[Assignment] Reproduce the records exactly.

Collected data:
________________________________________

(* Assume $|V|\ge 3$. Suppose the notion of strategic manipulation is modified by dropping the requirement that all colluders in $C$ have the same most preferred value in the type vector $\vec\theta$ of condition (b). Then there is no $(c,f)$-resilient consensus protocol for any $c\ge 2$. Moreover, if in addition condition (b) is strengthened to require that no colluder is worse off (in addition to some colluder being strictly better off), there is still no $(c,f)$-resilient consensus protocol for any $c\ge 2$ and $f\ge 1$.
   Context: Model. There are $n$ agents $\Pi=\{1,\dots,n\}$ proceeding in synchronous rounds $1,2,\dots$. In each round every agent first chooses, for each agent $j$, a message to send to $j$ or no message; then it receives the messages sent to it in that round; then it updates its local state. Channels are reliable. A failure pattern $F$ is a subset of $\{(i,j,r)\}$, where $(i,j,r)\in F$ means $i$'s round-$r$ message to $j$ would be delivered if sent; if $(i,j,r)\notin F$ then $(i,j',r')\notin F$ for all $j'$ and $r'>r$. Agent $i$ is correct if $(i,j,r)\in F$ for all $j,r$, faulty otherwise. In a system with at most $f$ crash failures only failure patterns with at most $f$ faulty agents occur. $V$ is a finite set of proposal values; the private type $\theta_i$ is a strict total order on $V$. A (deterministic) strategy $s_i$ maps $\theta_i$ to a function from (round $r$, messages received in rounds $1..r$) to (messages for round $r+1$, a decision in $V\cup\{\top\}$ or $\bot$), $\top\notin V$; each agent decides at most once. A protocol is a profile $\vec s$; the run $R(F,\vec\theta,\vec s)$ is determined. Legal profile: for every admissible $F$ and every $\vec\theta$: Termination (every correct agent eventually decides), Uniform Agreement (no two agents decide differently), Validity (any decision is an element of $V$ that is the most preferred value of some agent). Utility of $i$: $0$ if $i$ crashes in $F$; if consensus holds with decision $d$, a positive value strictly increasing in $i$'s preference for $d$; $-\infty$ if consensus is violated. Colluders $C$ may use strategies depending on all colluders' types. Original definition: $C$ can strategically manipulate a legal $\vec s$ if there is $\vec s'_C$ with (a) $(\vec s_{-C},\vec s'_C)$ legal, and (b) some admissible $F$ and some $\vec\theta$ in which all members of $C$ have the same most preferred value, such that some $i\in C$ has strictly higher utility under $(\vec s_{-C},\vec s'_C)$ than under $\vec s$. A $(c,f)$-resilient consensus protocol is a legal profile that no group of size at most $c$ can strategically manipulate, in a system with at most $f$ crash failures. *)

theory Defs
  imports Main "HOL-Library.Extended_Real"
begin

________________________________________

[Result]
(* Assume $|V|\ge 3$. Suppose the notion of strategic manipulation is modified by dropping the requirement that all colluders in $C$ have the same most preferred value in the type vector $\vec\theta$ of condition (b). Then there is no $(c,f)$-resilient consensus protocol for any $c\ge 2$. Moreover, if in addition condition (b) is strengthened to require that no colluder is worse off (in addition to some colluder being strictly better off), there is still no $(c,f)$-resilient consensus protocol for any $c\ge 2$ and $f\ge 1$.
   Context: Model. There are $n$ agents $\Pi=\{1,\dots,n\}$ proceeding in synchronous rounds $1,2,\dots$. In each round every agent first chooses, for each agent $j$, a message to send to $j$ or no message; then it receives the messages sent to it in that round; then it updates its local state. Channels are reliable. A failure pattern $F$ is a subset of $\{(i,j,r)\}$, where $(i,j,r)\in F$ means $i$'s round-$r$ message to $j$ would be delivered if sent; if $(i,j,r)\notin F$ then $(i,j',r')\notin F$ for all $j'$ and $r'>r$. Agent $i$ is correct if $(i,j,r)\in F$ for all $j,r$, faulty otherwise. In a system with at most $f$ crash failures only failure patterns with at most $f$ faulty agents occur. $V$ is a finite set of proposal values; the private type $\theta_i$ is a strict total order on $V$. A (deterministic) strategy $s_i$ maps $\theta_i$ to a function from (round $r$, messages received in rounds $1..r$) to (messages for round $r+1$, a decision in $V\cup\{\top\}$ or $\bot$), $\top\notin V$; each agent decides at most once. A protocol is a profile $\vec s$; the run $R(F,\vec\theta,\vec s)$ is determined. Legal profile: for every admissible $F$ and every $\vec\theta$: Termination (every correct agent eventually decides), Uniform Agreement (no two agents decide differently), Validity (any decision is an element of $V$ that is the most preferred value of some agent). Utility of $i$: $0$ if $i$ crashes in $F$; if consensus holds with decision $d$, a positive value strictly increasing in $i$'s preference for $d$; $-\infty$ if consensus is violated. Colluders $C$ may use strategies depending on all colluders' types. Original definition: $C$ can strategically manipulate a legal $\vec s$ if there is $\vec s'_C$ with (a) $(\vec s_{-C},\vec s'_C)$ legal, and (b) some admissible $F$ and some $\vec\theta$ in which all members of $C$ have the same most preferred value, such that some $i\in C$ has strictly higher utility under $(\vec s_{-C},\vec s'_C)$ than under $\vec s$. A $(c,f)$-resilient consensus protocol is a legal profile that no group of size at most $c$ can strategically manipulate, in a system with at most $f$ crash failures. *)

theory Defs
  imports Main "HOL-Library.Extended_Real"
begin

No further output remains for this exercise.